Honestly, must of the specific information involved in Dr. Wang’s misconduct is beyond my competency to interpret.  However, he built an entire career from falsified information.  I wonder if it was initial laziness that led to future research being built on falsified information from prior work or if his work was consistently and continually falsified in all the investigated instances of misconduct.  The punitive action was taken to revoke Wang’s PhD and all “affected papers” except one. In addition, Dr. Wang agreed to a Voluntary Exclusion Agreement that excluded him for 10 years to contract or subcontract with and United States Agency, serving in an advisory capacity to “PHS” and to correct the before mentioned one paper that was not revoked in this ORI case.  It is curious to me that the penalties were not harsher.  This is medical research that has dire human consequences.  In addition, how many others attempted to build knowledge form his falsified work.  This effects not only his career but all work by others that was expanded from his findings.

 

Case Information:  https://ori.hhs.gov/content/case-summary-wang-zhiwei

Open Access

For this open-access blog assignment, I chose to use a journal that invited my advisor to write an article for a special edition journal.  I am familiar with this journal because I worked with my advisor on this project.  The organization “Frontiers” offers a wide array of journals geared toward specific and disciplines, along with multidisciplinary journals.  In the before-mentioned instance, my advisor and I worked with the “Frontiers in Built Environment” and “Frontiers in Environmental Psychology” journals.  I will discuss the “Frontiers in Built Environment” journal for this assignment.  The field chief editor for this journal is Izuru Takewaki. He is with Kyoto University, located in Kyoto, Japan.  This journal states that it is a multidisciplinary journal that allows open access with the goal of “disseminating” knowledge across disciplines and the public at large.  This journal publishes peer-reviewed research relating to building systems and sustainable communities.

Their Open Access Statement is as follows:

“Frontiers’ philosophy is that all research is for the benefit of humankind. Research is the product of an investment by society and therefore its fruits should be returned to all people without borders or discrimination, serving society universally and in a transparent fashion.”

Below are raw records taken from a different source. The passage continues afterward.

theorem lemma3p1:
  fixes \<rho> \<phi> :: "'a::euclidean_space \<Rightarrow> real" and \<Omega> :: "'a set"
  assumes dom: "smooth_strictly_convex_domain \<rho> \<Omega>"
    and C2: "C2_closure \<Omega> \<phi>"
    and pos: "\<forall>x\<in>\<Omega>. \<phi> x > 0"
    and bdry: "\<forall>p\<in>frontier \<Omega>. \<phi> p = 0"
    and normal: "\<forall>p\<in>frontier \<Omega>. \<exists>d<0.
                   ((\<lambda>x. dirderivs \<phi> [outer_normal \<rho> p] x) \<longlongrightarrow> d) (at p within \<Omega>)"
  shows "\<exists>\<delta>0>0. \<exists>c0>0. \<forall>x\<in>\<Omega>. \<forall>X. \<phi> x < \<delta>0 \<longrightarrow>
           dirderivs (\<lambda>y. - ln (\<phi> y)) [X, X] x \<ge> c0 * (norm X)\<^sup>2 / \<phi> x"
proof -
  obtain c where "0 < c" and c: "\<And>x X. x \<in> \<Omega> \<Longrightarrow> \<phi> x < c \<Longrightarrow>
      c * \<phi> x * (norm X)\<^sup>2 \<le> (dirderivs \<phi> [X] x)\<^sup>2 - \<phi> x * dirderivs \<phi> [X, X] x"
    using near_boundary_quadratic_lower_bound[OF assms] by blast
  have "open \<Omega>"
    using dom open_sublevel_frontier(1)[OF smooth_fun_continuous] by (auto simp: smooth_strictly_convex_domain_def)
  have "c * (norm X)\<^sup>2 / \<phi> x \<le> dirderivs (\<lambda>y. - ln (\<phi> y)) [X, X] x" if "x \<in> \<Omega>" "\<phi> x < c" for x X
  proof -
    have "c * (norm X)\<^sup>2 / \<phi> x \<le> ((dirderivs \<phi> [X] x)\<^sup>2 - \<phi> x * dirderivs \<phi> [X, X] x) / (\<phi> x)\<^sup>2"
      using c[OF that, of X] pos that(1) by (simp add: field_simps power2_eq_square)
    also have "\<dots> = dirderivs (\<lambda>y. - ln (\<phi> y)) [X, X] x"
      using C2 pos that(1) unfolding C2_closure_def
      by (intro dirderivs_neg_ln_second[OF \<open>open \<Omega>\<close>, symmetric]) auto
    finally show ?thesis .
  qed
  then show ?thesis
    using \<open>0 < c\<close> by blast
qed

end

This journal is indexed in:

  • Scopus
  • CLOCKSS
  • Google Scholar
  • DOAJ
  • ESCI
  • NSD
  • DOAJ
  • Cross Ref
  • Ulrich’s Periodicals Directory.

 

I feel that this journal does hold to their scope and mission statement because I am familiar with their special edition Environmental Psychology in Built Environments addition.  It appears that Frontiers does make an effort to bridge disciplines and provide resources not only to individuals interested in multidisciplinary and interdisciplinary work but also to those that seek to build a transdisciplinary orientation.  I am very heavily involved in interdisciplinary research.  I do not fit into any specific disciplinary box, not even a disciplinary box that is context-specific. So, I am grateful for the resources that Frontiers and other open access journals provide to individuals interested in bridging disciplines in the quest to find solutions to practical problems that so desperately need to be addressed in our society.